Let's take the hypothetical a few steps further
Indeed. Let's imagine what's happening to the minds and bodies of the little ones put in care, where the caregivers are negligent or abusive, and definitely inconsistent.
Add a year or three later, an adoption where the APs resemble what's found in our collected archives.
How's that looking for the not-so-healthy adult adoptee who experienced chronic toxic stress, for years, if not decades.
Now here's the funny twist, as I myself am known at the Dr's office for my severe chronic back pains, headaches, and high blood pressure, at the ripe age of 43. Most Dr's will assume the stress and poor health I exhibit comes from family history, which relies on biology, not the nut-house I was razed in.
Such realities always made me laugh.
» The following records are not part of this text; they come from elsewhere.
(* Let $C$ be an open cone containing no lines, with basepoint $b\in C$. Every horofunction $h$ of the Hilbert geometry on $C$ can be written as $h=r_{C,x}+q$ with $x\in\partial C\setminus\{0\}$ and $q\in A_C(x)$, and this decomposition is unique in the following sense: if $h=r_{C,x}+q_x=r_{C,y}+q_y$ with $x,y\in\partial C\setminus\{0\}$, $q_x\in A_C(x)$, $q_y\in A_C(y)$, then $y$ is a positive multiple of $x$, $r_{C,x}=r_{C,y}$ and $q_x=q_y$.
   Context: $V$ is a finite-dimensional real vector space. An open cone is a nonempty open convex set $T\subset V$ with $\lambda T\subseteq T$ for all $\lambda>0$ and $0\notin T$; $\partial T$ is its boundary. Write $x\le_C y$ iff $y-x\in\overline C$. $M_C(y/x):=\inf\{\lambda>0:y\le_C\lambda x\}$, $F_C(y,x):=\log M_C(y/x)$, $RF_C(x,y):=F_C(y,x)$, $H_C(x,y):=F_C(x,y)+F_C(y,x)$. For $p\in\partial C\setminus\{0\}$, $r_{C,p}(x):=RF_C(x,p)-RF_C(b,p)$. For $d\in\{F_C,H_C\}$: a sequence $(x_n)$ in $C$ converges in the $d$-sense to $g$ if $d(\cdot,x_n)-d(b,x_n)\to g$ pointwise on $C$; a horofunction of $d$ is such a limit not of the form $d(\cdot,p)-d(b,p)$, $p\in C$. $A_C(x)$ is the set of horofunctions of $F_C$ that are Funk-sense limits of sequences in $C$ converging to $x$ in the usual topology of $V$. *)

theory Defs
  imports "HOL-Analysis.Analysis"
begin

definition open_cone :: "'a::euclidean_space set \<Rightarrow> bool" where
  "open_cone T \<longleftrightarrow> T \<noteq> {} \<and> open T \<and> convex T \<and>
     (\<forall>t>0. \<forall>x\<in>T. t *\<^sub>R x \<in> T) \<and> 0 \<notin> T"

definition contains_no_lines :: "'a::euclidean_space set \<Rightarrow> bool" where
  "contains_no_lines C \<longleftrightarrow> (\<forall>v. v \<in> closure C \<and> - v \<in> closure C \<longrightarrow> v = 0)"
(* Let $c$ be a nonnegative integer, $a,b,n$ positive integers and $k$ a nonnegative integer with $k\le n$. Then: (1) $\Psi_n(n,a,b,c)=\Psi_n(0,a-1,b+1,c)$; (2) $\Psi_n(n-1,1,b,c)=\Psi_{n-1}(0,c,b+1,c)$; (3) $\Psi_n(0,1,b,0)=1$; (4) for $1\le k\le n$, $\;k\big(b+(k-1)\tfrac c2\big)\,\Psi_n(k,a,b,c)=(n-k+1)\big(a-1+(n-k)\tfrac c2\big)\,\Psi_n(k-1,a,b,c)$.
   Context: All constant terms are taken with $\operatorname{CT}_x=\operatorname{CT}_{x_n}\cdots\operatorname{CT}_{x_1}$ (iterated constant-term extraction), where $(1-x_i)^{-b}$ and $x_i/(1-x_i)$ are expanded as power series in $x_i$, and for $i<j$, $(x_j-x_i)^{-c}=x_j^{-c}(1-x_i/x_j)^{-c}$ is expanded as a power series in $x_i/x_j$. $$\Psi_n(k,a,b,c):=\operatorname{CT}_x[t^k]\prod_{i=1}^n(1-x_i)^{-b}x_i^{-a+1}\Big(1+t\frac{x_i}{1-x_i}\Big)\prod_{1\le i<j\le n}(x_j-x_i)^{-c},$$ with $[t^k]$ the coefficient of $t^k$; for $n=0$ the empty product is $1$. *)

theory Defs
  imports Complex_Main
begin

text \<open>Variables are indexed 0..n-1 (x_1..x_n of the paper).  S is the set of indices
  picking the factor t*x_i/(1-x_i) (coefficient of t^k).  m i is the exponent taken from
  the series of (1-x_i)^(-(b+[i in S])), with coefficient pochhammer(b',m)/m!;
  p i j (i<j) is the exponent of (x_i/x_j) in (x_j-x_i)^(-c) = x_j^(-c) (1-x_i/x_j)^(-c),
  with coefficient pochhammer(c,p)/p!.\<close>

definition psi_exp :: "nat \<Rightarrow> nat \<Rightarrow> nat \<Rightarrow> nat set \<Rightarrow> (nat \<Rightarrow> nat) \<Rightarrow> (nat \<Rightarrow> nat \<Rightarrow> nat) \<Rightarrow> nat \<Rightarrow> int" where
  "psi_exp n a c S m p i =
     1 - int a + (if i \<in> S then 1 else 0) + int (m i)
     + (\<Sum>j\<in>{i<..<n}. int (p i j)) - (\<Sum>j<i. int c + int (p j i))"

definition psi_tuples :: "nat \<Rightarrow> nat \<Rightarrow> nat \<Rightarrow> nat set \<Rightarrow> ((nat \<Rightarrow> nat) \<times> (nat \<Rightarrow> nat \<Rightarrow> nat)) set" where
  "psi_tuples n a c S = {(m, p).
      (\<forall>i. n \<le> i \<longrightarrow> m i = 0) \<and>
      (\<forall>i j. \<not> (i < j \<and> j < n) \<longrightarrow> p i j = 0) \<and>
      (\<forall>i<n. psi_exp n a c S m p i = 0)}"

definition Psi :: "nat \<Rightarrow> nat \<Rightarrow> nat \<Rightarrow> nat \<Rightarrow> nat \<Rightarrow> real" where
  "Psi n k a b c =
     (\<Sum>S\<in>{S. S \<subseteq> {..<n} \<and> card S = k}.
        \<Sum>(m, p)\<in>psi_tuples n a c S.
          (\<Prod>i<n. pochhammer (real (b + (if i \<in> S then 1 else 0))) (m i) / fact (m i))
          * (\<Prod>(i, j)\<in>{(i, j). i < j \<and> j < n}. pochhammer (real c) (p i j) / fact (p i j)))"

end

theory Submission
  imports Defs
begin

text \<open>
  Write \<open>F\<^sub>S\<close> for the integrand of \<open>\<Psi>\<^sub>n\<close> in which the factor \<open>t x\<^sub>i/(1 - x\<^sub>i)\<close>
  is chosen exactly for \<open>i \<in> S\<close>, so that \<open>\<Psi>\<^sub>n(k, a, b, c)\<close> is the sum of \<open>CT F\<^sub>S\<close> over
  all \<open>k\<close>-subsets \<open>S\<close>. Identity (1) holds because both sides have the same integrand, and
  (3) because for \<open>a = 1\<close>, \<open>c = 0\<close> the integrand is a power series with constant term \<open>1\<close>.
  For (2), the variable \<open>x\<^sub>1\<close> occurs in the expansion with exponent at least \<open>[1 \<in> S]\<close>, so only
  \<open>S = {2, ..., n}\<close> contributes, and there \<open>x\<^sub>1\<close> may be set to \<open>0\<close>, which turns every
  \<open>(x\<^sub>j - x\<^sub>1)\<^bsup>-c\<^esup>\<close> into \<open>x\<^sub>j\<^bsup>-c\<^esup>\<close>.

  Identity (4) comes from \<open>CT(x\<^sub>i \<partial>F\<^sub>T/\<partial>x\<^sub>i) = 0\<close> for \<open>|T| = k - 1\<close> and \<open>i \<notin> T\<close>.
  The factors \<open>x\<^sub>i\<^bsup>1-a\<^esup>\<close> and \<open>(1 - x\<^sub>i)\<^bsup>-b\<^esup>\<close> contribute \<open>(1 - a) F\<^sub>T\<close> and \<open>b F\<^bsub>T+i\<^esub>\<close>,
  which sum to \<open>(1 - a)(n - k + 1) \<Psi>\<^sub>n(k - 1) + b k \<Psi>\<^sub>n(k)\<close> over all \<open>i\<close> and \<open>T\<close>.
  The factor \<open>(x\<^sub>j - x\<^sub>i)\<^bsup>-c\<^esup>\<close> contributes \<open>c x\<^sub>i/(x\<^sub>j - x\<^sub>i) F\<^sub>T\<close> when \<open>i \<notin> T\<close> is
  differentiated and \<open>-c x\<^sub>j/(x\<^sub>j - x\<^sub>i) F\<^sub>T\<close> when \<open>j \<notin> T\<close> is. For \<open>T\<close> avoiding both
  these add up to \<open>-c F\<^sub>T\<close>, and the sets containing exactly one of \<open>i, j\<close> pair up via
  \<open>x\<^sub>i F\<^bsub>U+j\<^esub> - x\<^sub>j F\<^bsub>U+i\<^esub> = (x\<^sub>j - x\<^sub>i) F\<^bsub>U+i+j\<^esub>\<close>. Altogether the pairs give
  \<open>c (C(k, 2) \<Psi>\<^sub>n(k) - C(n - k + 1, 2) \<Psi>\<^sub>n(k - 1))\<close>.
\<close>

abbreviation fun_upd2 :: "('a \<Rightarrow> 'b \<Rightarrow> 'c) \<Rightarrow> 'a \<Rightarrow> 'b \<Rightarrow> 'c \<Rightarrow> 'a \<Rightarrow> 'b \<Rightarrow> 'c" where
  "fun_upd2 f i j v \<equiv> f(i := (f i)(j := v))"

definition index_pairs :: "nat \<Rightarrow> (nat \<times> nat) set" where
  "index_pairs n = {(i, j). i < j \<and> j < n}"

lemma finite_index_pairs [simp]: "finite (index_pairs n)"
proof -
  have "index_pairs n \<subseteq> {..<n} \<times> {..<n}"
    unfolding index_pairs_def by auto
  then show ?thesis
    by (rule finite_subset) auto
qed

lemma sum_index_pairs_lower: "(\<Sum>i<n. \<Sum>j\<in>{i<..<n}. f i j) = (\<Sum>(i, j)\<in>index_pairs n. f i j)"
proof -
  have "index_pairs n = Sigma {..<n} (\<lambda>i. {i<..<n})"
    unfolding index_pairs_def by auto
  then show ?thesis
    by (simp add: sum.Sigma)
qed

lemma sum_index_pairs_upper: "(\<Sum>j<n. \<Sum>i<j. f i j) = (\<Sum>(i, j)\<in>index_pairs n. f i j)"
proof -
  have "(\<Sum>j<n. \<Sum>i<j. f i j) = (\<Sum>(j, i)\<in>Sigma {..<n} (\<lambda>j. {..<j}). f i j)"
    by (simp add: sum.Sigma)
  also have "\<dots> = (\<Sum>(i, j)\<in>index_pairs n. f i j)"
    by (rule sum.reindex_bij_witness[where i = prod.swap and j = prod.swap])
      (auto simp: index_pairs_def)
  finally show ?thesis .
qed

lemma card_index_pairs_within:
  assumes "R \<subseteq> {..<n}"
  shows "card {x \<in> index_pairs n. fst x \<in> R \<and> snd x \<in> R} = card R choose 2"
proof -
  let ?P = "{x \<in> index_pairs n. fst x \<in> R \<and> snd x \<in> R}"
  have "finite R"
    using assms finite_subset by blast
  have inj: "inj_on (\<lambda>(i, j). {i, j}) ?P"
    by (auto simp: inj_on_def doubleton_eq_iff index_pairs_def)
  have "(\<lambda>(i, j). {i, j}) ` ?P = {B. B \<subseteq> R \<and> card B = 2}"
  proof
    show "{B. B \<subseteq> R \<and> card B = 2} \<subseteq> (\<lambda>(i, j). {i, j}) ` ?P"
    proof
      fix B assume "B \<in> {B. B \<subseteq> R \<and> card B = 2}"
      then obtain x y where B: "B = {x, y}" "x \<noteq> y" "x \<in> R" "y \<in> R"
        by (auto simp: card_2_iff)
      show "B \<in> (\<lambda>(i, j). {i, j}) ` ?P"
      proof (cases "x < y")
        case True
        then show ?thesis
          using B assms by (intro image_eqI[where x = "(x, y)"]) (auto simp: index_pairs_def)
      next
        case False
        then show ?thesis
          using B assms by (intro image_eqI[where x = "(y, x)"]) (auto simp: index_pairs_def)
      qed
    qed
  qed (auto simp: index_pairs_def)
  then have "card ((\<lambda>(i, j). {i, j}) ` ?P) = card R choose 2"
    using n_subsets[OF \<open>finite R\<close>] by simp
  then show ?thesis
    using inj by (simp add: card_image)
qed

lemma two_mult_choose_two: "2 * real (r choose 2) = real r * (real r - 1)"
proof (induction r)
  case (Suc r)
  have "Suc r choose 2 = r + (r choose 2)"
    using binomial_Suc_Suc[of r 1] by (simp add: numeral_2_eq_2)
  then show ?case
    using Suc by (simp add: algebra_simps)
qed simp

section \<open>Generalised constant terms\<close>

definition ser_coeff :: "nat \<Rightarrow> nat \<Rightarrow> real" where
  "ser_coeff r q = pochhammer (real r) q / fact q"

lemma ser_coeff_0 [simp]: "ser_coeff r 0 = 1"
  by (simp add: ser_coeff_def)

lemma ser_coeff_Suc_Suc: "ser_coeff (Suc r) (Suc q) = ser_coeff r (Suc q) + ser_coeff (Suc r) q"
proof -
  have "pochhammer (real r) (Suc q) = real r * pochhammer (real r + 1) q"
    by (simp add: pochhammer_rec)
  moreover have "pochhammer (real r + 1) (Suc q) = pochhammer (real r + 1) q * (real r + 1 + real q)"
    by (simp add: pochhammer_Suc)
  moreover have "(fact (Suc q) :: real) = (real q + 1) * fact q"
    by simp
  moreover have "(real q + 1) * fact q \<noteq> (0 :: real)"
    by (simp add: add_pos_pos)
  ultimately show ?thesis
    unfolding ser_coeff_def of_nat_Suc add.commute[of 1]
    by (simp add: divide_simps) (simp add: algebra_simps)
qed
You see, all my life it would go like this: when I exhibit great talent, wellness and strength, it must comes from my (inconsistent, chaotic, demanding crazy psycho APs), but when I exhibit poor health, weakness and addictions of any kind, well, that's simply bad-biology kicking-in.
<exasperated head-throbbing sigh>
bad genes
I had a somewhat similar experience. My a-mother considered herself to be the best, if not the only good parent in the entire universe. Any perceived bad trait in me was always the cause of faulty genes (though my a-mother wouldn't use that word for lack of knowing what genes are), and all good trait were alway the cause of her fantastic nurturing capabilities.
My childhood was a stressful time. I was never good enough and whenever something went wrong, an enormous scene was made out of it. Of course it was somehow always my fault, or those of my faulty genes.